See http://www.sgi.com/products/servers/uv/specs.html if you need detailed technical information about the hardware.

Interconnect

Hungabee is not a cluster and is therefore not interconnected in the same sense as a cluster. Nevertheless, the UV1000's NUMA architecture is implemented using a combination of Intel's Quickpath technology and SGI's equivalent NUMAlink. The result is that any core is capable of accessing any of the installed memory. However, the speed of access is extremely sensitive to the relative location of processor and memory. The closer they are to one another, the better.

Storage

Scratch space on the UV1000 is provided by two SGI IS5000  storage arrays. Each array contains 80 x 2.5 in. 600 GB SAS drives spinning at ten thousand RPMs. These arrays are directly attached to the UV1000 via 8 fibre channel connections, for a theoretical maximum bidirectional throughput of 6.4 GBytes/s. After RAID and volume configuration, these provide a single high performance file system with 50 TB. This file system is local to the uv1000 and is currently NFS-exported to the UV100.

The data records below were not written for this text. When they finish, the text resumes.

definition Kker :: "(real \<Rightarrow> real \<Rightarrow> real) \<Rightarrow> real \<Rightarrow> real \<Rightarrow> real" where
  "Kker p l1 l2 = (LINT l:{0<..}|lborel. l * (p l1 l / l1) * (p l2 l / l2))"

end

theory Submission
  imports Defs
begin

(* By uniqueness of the Laplace transform, the stable densities are self-similar:
   p_t(y) = t^(-1/g) p_1(t^(-1/g) y).  In logarithmic coordinates this makes
   l1 l2 K(l1, l2) the autocorrelation of the density of ln Y_1, evaluated at
   (ln l2 - ln l1)/g, so the Mellin transform of K(l1, -) at ix is
   g l1^(ix-1) phi(gx) phi(-gx), where phi is the characteristic function of ln Y_1.
   Fubini applied to Gamma(z) y^(-z) = int v^(z-1) exp(-v y) dv together with the
   Laplace transform gives E[Y_1^(-z)] = Gamma(z/g) / (g Gamma(z)) for Re z > 0, and
   by continuity also on the imaginary axis; the reflection formula
   Gamma(iy) Gamma(-iy) = pi / (y sinh(pi y)) turns g phi(gx) phi(-gx) into
   sinh(g pi x) / sinh(pi x). *)

section \<open>The substitution \<open>y = exp v\<close> on the positive half-line\<close>

lemma nn_integral_indicator_incseq:
  fixes f :: "'a \<Rightarrow> ennreal"
  assumes "incseq A" and [measurable]: "\<And>n. A n \<in> sets M" "f \<in> borel_measurable M"
  shows "(\<integral>\<^sup>+x. f x * indicator (\<Union>n. A n) x \<partial>M) = (SUP n. \<integral>\<^sup>+x. f x * indicator (A n) x \<partial>M)"
proof -
  have "indicator (\<Union>n. A n) x = (SUP n. indicator (A n) x :: ennreal)" for x
    by (auto simp: indicator_def intro!: antisym SUP_upper2 SUP_least)
  then have "(\<integral>\<^sup>+x. f x * indicator (\<Union>n. A n) x \<partial>M) = (\<integral>\<^sup>+x. (SUP n. f x * indicator (A n) x) \<partial>M)"
    by (simp add: SUP_mult_left_ennreal)
  also have "\<dots> = (SUP n. \<integral>\<^sup>+x. f x * indicator (A n) x \<partial>M)"
    using assms(1) by (intro nn_integral_monotone_convergence_SUP)
       (auto simp: incseq_def le_fun_def indicator_def intro!: mult_left_mono dest: monoD)
  finally show ?thesis .
qed
(* Let $N\ge 2$ be an integer and $\kappa,m>0$. For every fixed $k_1\in\mathbb{Z}\cap(0,N)$, $$\sum_{\substack{k_2,k_3,k_4\in\mathbb{Z}\cap(0,N)\\ k_1-k_2+k_3+k_4\equiv 0\ (\mathrm{mod}\ N)}}\big|A^{(2)}_{1,2,3,4}\big|^2\le C\,N^2\log N,$$ with $C>0$ depending only on $\kappa,m$.
   Context: For an integer $N\ge 2$ and constants $\kappa,m>0$, define for $k\in\mathbb{Z}$ the frequency $\omega_k=2\sqrt{\kappa/m}\,\big|\sin(\pi k/N)\big|$ and the $2N$-periodic sign function $\iota(x)=\operatorname{sgn}\sin(\pi x/N)$. For integers $k_1,k_2,k_3,k_4$ set $$T_{1,-2,3,4}=-\frac{3}{4\kappa^2}\,\iota(-k_2+k_3+k_4)\,\iota(-k_2)\,\iota(k_3)\,\iota(k_4)\prod_{i=1}^4\sqrt{\omega_{k_i}},\qquad A^{(2)}_{1,2,3,4}=-\frac{T_{1,-2,3,4}}{\omega_{k_1}-\omega_{k_2}+\omega_{k_3}+\omega_{k_4}}.$$ On the summation range (all $k_i\in\mathbb{Z}\cap(0,N)$, $k_1-k_2+k_3+k_4\equiv 0$ mod $N$) the denominator does not vanish. *)

theory Defs
  imports Complex_Main
begin

definition omega :: "real \<Rightarrow> real \<Rightarrow> nat \<Rightarrow> int \<Rightarrow> real" where
  "omega \<kappa> m N k = 2 * sqrt (\<kappa> / m) * \<bar>sin (pi * real_of_int k / real N)\<bar>"

definition iota :: "nat \<Rightarrow> int \<Rightarrow> real" where
  "iota N x = sgn (sin (pi * real_of_int x / real N))"

definition Tcoef :: "real \<Rightarrow> real \<Rightarrow> nat \<Rightarrow> int \<Rightarrow> int \<Rightarrow> int \<Rightarrow> int \<Rightarrow> real" where
  "Tcoef \<kappa> m N k1 k2 k3 k4 =
     - (3 / (4 * \<kappa>\<^sup>2)) * iota N (- k2 + k3 + k4) * iota N (- k2) * iota N k3 * iota N k4
     * (sqrt (omega \<kappa> m N k1) * sqrt (omega \<kappa> m N k2) * sqrt (omega \<kappa> m N k3)
        * sqrt (omega \<kappa> m N k4))"

definition A2 :: "real \<Rightarrow> real \<Rightarrow> nat \<Rightarrow> int \<Rightarrow> int \<Rightarrow> int \<Rightarrow> int \<Rightarrow> real" where
  "A2 \<kappa> m N k1 k2 k3 k4 =
     - Tcoef \<kappa> m N k1 k2 k3 k4
     / (omega \<kappa> m N k1 - omega \<kappa> m N k2 + omega \<kappa> m N k3 + omega \<kappa> m N k4)"

definition sum_range :: "nat \<Rightarrow> int \<Rightarrow> (int \<times> int \<times> int) set" where
  "sum_range N k1 = {(k2, k3, k4). 0 < k2 \<and> k2 < int N \<and> 0 < k3 \<and> k3 < int N
      \<and> 0 < k4 \<and> k4 < int N \<and> int N dvd (k1 - k2 + k3 + k4)}"

end

theory Submission
  imports Defs "HOL-Analysis.Convex" "HOL-Analysis.Harmonic_Numbers"
begin

text \<open>
  Write \<open>\<omega>\<^sub>k = 2 sqrt(\<kappa>/m) |sin \<theta>\<^sub>k|\<close> with phases \<open>\<theta>\<^sub>k = \<pi> k / N\<close>; then \<open>T\<^sup>2 \<le> 9/(16 \<kappa>\<^sup>4) \<omega>\<^sub>1 \<omega>\<^sub>2 \<omega>\<^sub>3 \<omega>\<^sub>4\<close>.
  On the summation range \<open>\<theta>\<^sub>2 \<equiv> \<theta>\<^sub>1 + \<theta>\<^sub>3 + \<theta>\<^sub>4\<close> modulo \<open>\<pi>\<close>, and the elementary inequality
  \<open>|sin x| |sin y| (|sin x| + |sin y|) / 2 \<le> |sin x| + |sin y| + |sin z| - |sin (x + y + z)|\<close>,
  applied to the pairs \<open>(\<theta>\<^sub>1, \<theta>\<^sub>3)\<close> and \<open>(\<theta>\<^sub>3, \<theta>\<^sub>4)\<close>, bounds the denominator
  \<open>\<omega>\<^sub>1 - \<omega>\<^sub>2 + \<omega>\<^sub>3 + \<omega>\<^sub>4\<close> from below well enough to give
  \<open>A2\<^sup>2 \<le> const / max(|sin \<theta>\<^sub>3|, |sin \<theta>\<^sub>4|)\<^sup>2 \<le> const N\<^sup>2 / max(d\<^sub>3, d\<^sub>4)\<^sup>2\<close>, where
  \<open>d\<^sub>k = min k (N - k)\<close> and the last step is Jordan's inequality. Since \<open>k\<^sub>2\<close> is determined by
  \<open>k\<^sub>3, k\<^sub>4\<close>, folding \<open>d\<^sub>k\<close> back to \<open>k\<close> bounds the sum by \<open>const N\<^sup>2\<close> times
  \<open>\<Sum> 1 / max(i, j)\<^sup>2\<close> over \<open>1 \<le> i, j \<le> N\<close>, which is at most \<open>2 H\<^sub>N = O(log N)\<close>.
\<close>

section \<open>Trigonometric estimates\<close>

lemma abs_sin_add_le_mult_abs_cos: "\<bar>sin (x + y)\<bar> \<le> \<bar>sin x\<bar> * \<bar>cos y\<bar> + \<bar>cos x\<bar> * \<bar>sin y\<bar>"
  for x y :: real
  unfolding sin_add by (metis abs_mult abs_triangle_ineq)

lemma abs_sin_add_le: "\<bar>sin (x + y)\<bar> \<le> \<bar>sin x\<bar> + \<bar>sin y\<bar>"
  for x y :: real
proof -
  have "\<bar>sin x\<bar> * \<bar>cos y\<bar> \<le> \<bar>sin x\<bar>" "\<bar>cos x\<bar> * \<bar>sin y\<bar> \<le> \<bar>sin y\<bar>"
    by (simp_all add: mult_left_le mult_left_le_one_le)
  then show ?thesis
    using abs_sin_add_le_mult_abs_cos[of x y] by linarith
qed

lemma abs_sin_add_int_mult_pi: "\<bar>sin (x + of_int j * pi)\<bar> = \<bar>sin x\<bar>"
proof -
  have "sin (of_int j * pi) = 0"
    using sin_zero_iff_int2 by blast
  moreover have "\<bar>cos (of_int j * pi)\<bar> = 1"
    using sin_cos_squared_add[of "of_int j * pi"] calculation by (auto simp: power2_eq_1_iff)
  ultimately show ?thesis
    by (simp add: sin_add abs_mult)
qed

lemma half_sin_squared_le_one_minus_abs_cos: "(sin y)\<^sup>2 / 2 \<le> 1 - \<bar>cos y\<bar>"
  for y :: real
proof -
  have "(sin y)\<^sup>2 = (1 - \<bar>cos y\<bar>) * (1 + \<bar>cos y\<bar>)"
    using sin_cos_squared_add[of y] by (simp add: algebra_simps power2_eq_square)
  also have "\<dots> \<le> (1 - \<bar>cos y\<bar>) * 2"
    by (intro mult_left_mono) auto
  finally show ?thesis by simp
qed

text \<open>On the summation range this is \<open>(\<omega>\<^sub>1 - \<omega>\<^sub>2 + \<omega>\<^sub>3 + \<omega>\<^sub>4) / (2 sqrt(\<kappa>/m))\<close> for the phases
  \<open>a, b, c\<close> of \<open>k\<^sub>1, k\<^sub>3, k\<^sub>4\<close>.\<close>

definition sin_defect :: "real \<Rightarrow> real \<Rightarrow> real \<Rightarrow> real" where
  "sin_defect a b c = \<bar>sin a\<bar> - \<bar>sin (a + b + c)\<bar> + \<bar>sin b\<bar> + \<bar>sin c\<bar>"

lemma sin_defect_commute: "sin_defect a c b = sin_defect a b c"
  unfolding sin_defect_def by (simp add: ac_simps)

lemma sin_defect_ge_pair: "\<bar>sin a\<bar> * \<bar>sin b\<bar> * (\<bar>sin a\<bar> + \<bar>sin b\<bar>) / 2 \<le> sin_defect a b c"
proof -
  have "\<bar>sin (a + b + c)\<bar> \<le> \<bar>sin a\<bar> * \<bar>cos b\<bar> + \<bar>cos a\<bar> * \<bar>sin b\<bar> + \<bar>sin c\<bar>"
    using abs_sin_add_le[of "a + b" c] abs_sin_add_le_mult_abs_cos[of a b] by linarith
  moreover have "\<bar>sin a\<bar> * ((sin b)\<^sup>2 / 2) \<le> \<bar>sin a\<bar> - \<bar>sin a\<bar> * \<bar>cos b\<bar>"
    "\<bar>sin b\<bar> * ((sin a)\<^sup>2 / 2) \<le> \<bar>sin b\<bar> - \<bar>cos a\<bar> * \<bar>sin b\<bar>"
    using mult_left_mono[OF half_sin_squared_le_one_minus_abs_cos, of "\<bar>sin a\<bar>" b]
      mult_left_mono[OF half_sin_squared_le_one_minus_abs_cos, of "\<bar>sin b\<bar>" a]
    by (simp_all add: right_diff_distrib mult.commute)
  moreover have "\<bar>sin a\<bar> * \<bar>sin b\<bar> * (\<bar>sin a\<bar> + \<bar>sin b\<bar>) / 2
      = \<bar>sin a\<bar> * ((sin b)\<^sup>2 / 2) + \<bar>sin b\<bar> * ((sin a)\<^sup>2 / 2)"
    by (simp add: power2_eq_square algebra_simps)
  ultimately show ?thesis
    unfolding sin_defect_def by linarith
qed

lemma sin_prod_le_sin_defect_squared:
  "\<bar>sin a\<bar> * \<bar>sin (a + b + c)\<bar> * \<bar>sin b\<bar> * \<bar>sin c\<bar> * (sin b)\<^sup>2 \<le> 4 * (sin_defect a b c)\<^sup>2"
proof -
  define s1 s2 s3 s4 where "s1 = \<bar>sin a\<bar>" "s2 = \<bar>sin (a + b + c)\<bar>" "s3 = \<bar>sin b\<bar>" "s4 = \<bar>sin c\<bar>"
  define D where "D = sin_defect a b c"
  have nonneg: "0 \<le> s1" "0 \<le> s2" "0 \<le> s3" "0 \<le> s4"
    unfolding s1_s2_s3_s4_def by simp_all
  have D13: "s1 * s3 * (s1 + s3) / 2 \<le> D"
    using sin_defect_ge_pair[of a b c] unfolding s1_s2_s3_s4_def D_def .
  have D34: "s3 * s4 * (s3 + s4) / 2 \<le> D"
    using sin_defect_ge_pair[of b c a] unfolding s1_s2_s3_s4_def D_def sin_defect_def
    by (simp add: ac_simps)
  have "0 \<le> s1 * s3 * (s1 + s3) / 2"
    using nonneg by simp
  with D13 have "0 \<le> D" by linarith
  have "s2 \<le> s1 + s3 + s4"
    using abs_sin_add_le[of "a + b" c] abs_sin_add_le[of a b] unfolding s1_s2_s3_s4_def by linarith
  then have "s3 * s2 \<le> s3 * (s1 + s3 + s4)"
    using nonneg by (simp add: mult_left_mono)
  also have "\<dots> \<le> (s1 + s3) * (s3 + s4)"
    using nonneg by (simp add: algebra_simps)
  finally have "s3 * s2 \<le> (s1 + s3) * (s3 + s4)" .
  then have "s1 * s2 * s3 * s4 * s3\<^sup>2 \<le> 4 * ((s1 * s3 * (s1 + s3) / 2) * (s3 * s4 * (s3 + s4) / 2))"
    using mult_left_mono[of "s3 * s2" "(s1 + s3) * (s3 + s4)" "s1 * s3 * s3 * s4"] nonneg
    by (simp add: power2_eq_square algebra_simps)
  also have "\<dots> \<le> 4 * (D * D)"
    using D13 D34 nonneg \<open>0 \<le> D\<close> by (intro mult_left_mono mult_mono) auto
  finally show ?thesis
    unfolding s1_s2_s3_s4_def D_def by (simp add: power2_eq_square abs_mult)
qed

lemma sin_prod_div_sin_defect_squared_le:
  assumes "0 < L" and "L \<le> max \<bar>sin b\<bar> \<bar>sin c\<bar>"
  shows "\<bar>sin a\<bar> * \<bar>sin (a + b + c)\<bar> * \<bar>sin b\<bar> * \<bar>sin c\<bar> / (sin_defect a b c)\<^sup>2 \<le> 4 / L\<^sup>2"
proof -
  define S where "S = \<bar>sin a\<bar> * \<bar>sin (a + b + c)\<bar> * \<bar>sin b\<bar> * \<bar>sin c\<bar>"
  define D where "D = sin_defect a b c"
  define s where "s = max \<bar>sin b\<bar> \<bar>sin c\<bar>"
  have "S * (sin b)\<^sup>2 \<le> 4 * D\<^sup>2"
    using sin_prod_le_sin_defect_squared[of a b c] unfolding S_def D_def .
  moreover have "S * (sin c)\<^sup>2 \<le> 4 * D\<^sup>2"
  proof -
    have "a + c + b = a + b + c" by simp
    then show ?thesis
      using sin_prod_le_sin_defect_squared[of a c b]
      unfolding S_def D_def sin_defect_commute[of a b c] by (simp only: mult_ac)
  qed
  ultimately have "S * s\<^sup>2 \<le> 4 * D\<^sup>2"
    unfolding s_def by (cases "\<bar>sin b\<bar> \<le> \<bar>sin c\<bar>") (simp_all add: max_def)
  moreover have "0 < s"
    using assms unfolding s_def by linarith
  ultimately have "S \<le> 4 * D\<^sup>2 / s\<^sup>2"
    by (simp add: pos_le_divide_eq)
  then have "S / D\<^sup>2 \<le> 4 / s\<^sup>2"
    by (cases "D = 0") (simp_all add: pos_divide_le_eq)
  also have "\<dots> \<le> 4 / L\<^sup>2"
  proof -
    have "L\<^sup>2 \<le> s\<^sup>2"
      using assms unfolding s_def by (simp add: power_mono)
    then show ?thesis
      using \<open>0 < L\<close> by (simp add: frac_le)
  qed
  finally show ?thesis
    unfolding S_def D_def .
qed

lemma sin_ge_two_div_pi_mult:
  fixes x :: real
  assumes "0 \<le> x" and "x \<le> pi / 2"
  shows "2 / pi * x \<le> sin x"
proof -
  have "convex_on {0..pi} (\<lambda>x. - sin x)"
    by (rule convex_on_realI[where f' = "\<lambda>x. - cos x"])
       (auto intro!: derivative_eq_intros cos_monotone_0_pi_le)
  then have "- sin ((1 - 2 / pi * x) *\<^sub>R 0 + (2 / pi * x) *\<^sub>R (pi / 2))
      \<le> (1 - 2 / pi * x) * - sin 0 + (2 / pi * x) * - sin (pi / 2)"
    using assms by (intro convex_onD) (auto simp: field_simps)
  then show ?thesis
    by simp
qed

A Lustre file system is attached to both the U100 and the UV1000 (and the Jasper cluster). This file system is housed in an SGI IS16000 disk array holding 5 x 50-bay drive enclosures containing 250 x 2 TB Sata drives spinning at 7200 rpm and after RAID and volume configuration this provides a single 355 TB filesystem. This parallel file system is available to users on Hungabee and Jasper through a QDR (40 Gbit) Infiniband interconnect.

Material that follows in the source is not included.